[Elegy on My Sister Franklin, 1722]
[Elegy on My Sister Franklin]
Copy: University of Pennsylvania Library
The University of Pennsylvania acquired in 1934 an eighty-six line “Elegy on my Sister Franklin,” undated but written in an eighteenth-century hand, and signed “B.F.”8 The Elegy opens as follows:
Warm from my Breast surcharg’d with Grief and Woe
These melancholly Strains spontaneous flow,
Flow for a fav’rite Sister’s sad Decease,
Flow for the worthiest of the female Race.
The manuscript is a sheet of four pages and appears to be a copy of an earlier version, for the penman inadvertently skipped lines 35 and 36, but put them in at the bottom of the second page, indicating where they belonged. Although the University librarians admitted that it might prove impossible either to date the verses or to identify the deceased lady, they believed the Elegy “to be the earliest manuscript of Benjamin Franklin, one of his earliest efforts in literary composition.”
The difficulties anticipated in 1934 are only too real. The case for Benjamin Franklin’s authorship is not conclusive. The manuscript is not in his autograph; apparently it is not even the author’s copy. No genealogical data have been found that indicate that the composer’s “Sister [-in-law] Franklin” was the wife of any of Benjamin Franklin’s brothers. And as for the supposition that the Elegy was composed between 1718 and 1722 because Franklin wrote verses when he was a young man, he wrote them on occasions throughout his life.
More serious objections are raised by a careful study of the Elegy. It is so like the one Franklin satirized in the New-England Courant9 that it has been assumed that if he wrote it, he could have composed it only before June 25, 1722, when the Dogood Letter No. 7 appeared: he would not, so runs the argument, have written such a piece after having so heartily ridiculed that type of poetry. Yet it is equally arguable that the composer of the Elegy would not have satirized productions like his own after having committed his grief to verse, and that therefore Mrs. Dogood’s satire and B.F.’s Elegy must be by different hands. Moreover, nothing young Franklin wrote before 1722 has persuaded the editors that he could have written the Elegy, which, though a bad poem, reveals considerable facility with the language. And, they believe, by the time Franklin was sufficiently master of English verse to write such a piece—that is, some time after 1722—he was temperamentally incapable of doing so.
With no evidence that the Elegy was by Benjamin Franklin other than the initials “B.F.” at the end in the copyist’s hand, and with some reasons that strongly suggest that he did not and could not have written it, the editors have decided not to include it in this edition.

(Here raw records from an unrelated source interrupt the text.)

theorem mainTheorem8:
  fixes T :: "real \<Rightarrow> real \<Rightarrow> complex ^ 'n ^ 'n"
    and ti t1 t2 tf :: real
    and A1 A2 :: "complex ^ 'n ^ 'n"
    and psi_i psi_f :: "complex ^ 'n"
    and \<sigma> :: real
  assumes times: "ti < t1" "t1 < t2" "t2 < tf"
    and unitary: "\<And>a b. unitary_mat (T b a)"
    and compose: "\<And>a b c. a \<le> b \<Longrightarrow> b \<le> c \<Longrightarrow> T c b ** T b a = T c a"
    and sa1: "self_adjoint A1" and sa2: "self_adjoint A2"
    and unit_i: "braket psi_i psi_i = 1" and unit_f: "braket psi_f psi_f = 1"
    and nonorth: "braket psi_f (T tf ti *v psi_i) \<noteq> 0"
    and sigma_pos: "\<sigma> > 0"
  shows
    "(\<lambda>g. mean_prod (Phi_xk T ti t1 t2 tf psi_i psi_f A1 A2 \<sigma> g)
        - g\<^sup>2 / (4 * \<sigma>\<^sup>2) * Im (seq_weak_value T ti t1 t2 tf psi_i psi_f A2 A1
            - weak_value T ti tf psi_i psi_f A1 t1 * cnj (weak_value T ti tf psi_i psi_f A2 t2)))
      \<in> O[at_right 0](\<lambda>g. g ^ 3)
   \<and> (\<lambda>g. mean_prod (Phi_kx T ti t1 t2 tf psi_i psi_f A1 A2 \<sigma> g)
        - g\<^sup>2 / (4 * \<sigma>\<^sup>2) * Im (seq_weak_value T ti t1 t2 tf psi_i psi_f A2 A1
            + weak_value T ti tf psi_i psi_f A1 t1 * cnj (weak_value T ti tf psi_i psi_f A2 t2)))
      \<in> O[at_right 0](\<lambda>g. g ^ 3)
   \<and> (\<lambda>g. Im (seq_weak_value T ti t1 t2 tf psi_i psi_f A2 A1)
        - 2 * \<sigma>\<^sup>2 / g\<^sup>2 * (mean_prod (Phi_xk T ti t1 t2 tf psi_i psi_f A1 A2 \<sigma> g)
                             + mean_prod (Phi_kx T ti t1 t2 tf psi_i psi_f A1 A2 \<sigma> g)))
      \<in> O[at_right 0](\<lambda>g. g)"
proof -
  obtain I :: "((complex^'n) \<times> (complex^'n)) set" and C \<alpha> \<beta>
    where N: "braket psi_f (T tf ti *v psi_i) = (\<Sum>p\<in>I. C p)"
    and P: "braket psi_f (T tf t1 *v (A1 *v (T t1 ti *v psi_i))) = (\<Sum>p\<in>I. C p * \<alpha> p)"
    and Q: "braket psi_f (T tf t2 *v (A2 *v (T t2 ti *v psi_i))) = (\<Sum>p\<in>I. C p * \<beta> p)"
    and R: "braket psi_f (T tf t2 *v (A2 *v (T t2 t1 *v (A1 *v (T t1 ti *v psi_i))))) =
      (\<Sum>p\<in>I. C p * \<alpha> p * \<beta> p)"
    and kk: "\<And>g k1 k2. Phi_kk T ti t1 t2 tf psi_i psi_f A1 A2 \<sigma> g k1 k2 =
      (\<Sum>p\<in>I. C p * meter_k \<sigma> g (\<alpha> p) k1 * meter_k \<sigma> g (\<beta> p) k2)"
    by (rule post_selected_path_sums[where T = T and \<sigma> = \<sigma> and psi_i = psi_i and psi_f = psi_f,
          OF times compose sa1 sa2]) blast+
  have N0: "(\<Sum>p\<in>I. C p) \<noteq> 0" using nonorth N by simp
  note weak_values = weak_value_def seq_weak_value_def N P Q R
  note Phi = Phi_xk_Phi_kx_path_sums[OF sigma_pos kk]
  have xk: "(\<lambda>g. mean_prod (Phi_xk T ti t1 t2 tf psi_i psi_f A1 A2 \<sigma> g)
        - g\<^sup>2 / (4 * \<sigma>\<^sup>2) * Im (seq_weak_value T ti t1 t2 tf psi_i psi_f A2 A1
            - weak_value T ti tf psi_i psi_f A1 t1 * cnj (weak_value T ti tf psi_i psi_f A2 t2)))
      \<in> O[at_right 0](\<lambda>g. g ^ 3)"
    using pointer_correlation_asymptotics[OF sigma_pos N0, of \<alpha> \<beta>] by (simp add: Phi weak_values)
  have kx: "(\<lambda>g. mean_prod (Phi_kx T ti t1 t2 tf psi_i psi_f A1 A2 \<sigma> g)
        - g\<^sup>2 / (4 * \<sigma>\<^sup>2) * Im (seq_weak_value T ti t1 t2 tf psi_i psi_f A2 A1
            + weak_value T ti tf psi_i psi_f A1 t1 * cnj (weak_value T ti tf psi_i psi_f A2 t2)))
      \<in> O[at_right 0](\<lambda>g. g ^ 3)"
    using pointer_correlation_asymptotics_swap[OF sigma_pos N0, of \<alpha> \<beta>] by (simp add: Phi weak_values)
  show ?thesis
    using sigma_pos by (intro conjI xk kx bigo_combination_over_square[OF xk kx]) simp
qed

end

8. It is described and printed in facsimile in Univ. of Pa. Lib. Chron., ii (1934), 26–33, and reprinted in part in Van Doren, Franklin, pp. 25–6. The ms had once been owned by Luther S. Livingston, who seems not to have discussed it in any of his many writings on bf. It was sold in 1934 in the library of Rev. Dr. Roderick Terry by Amer. Art Assoc.-Anderson Galleries, Inc., Sale No. 4107.
9. Above, p. 23. Compare the Elegy’s “We’ve lost a Mother, Daughter, Sister kind” with the lines to which Mrs. Dogood pointed derisively: “Come let us mourn, for we have lost a Wife, a Daughter, and a Sister.”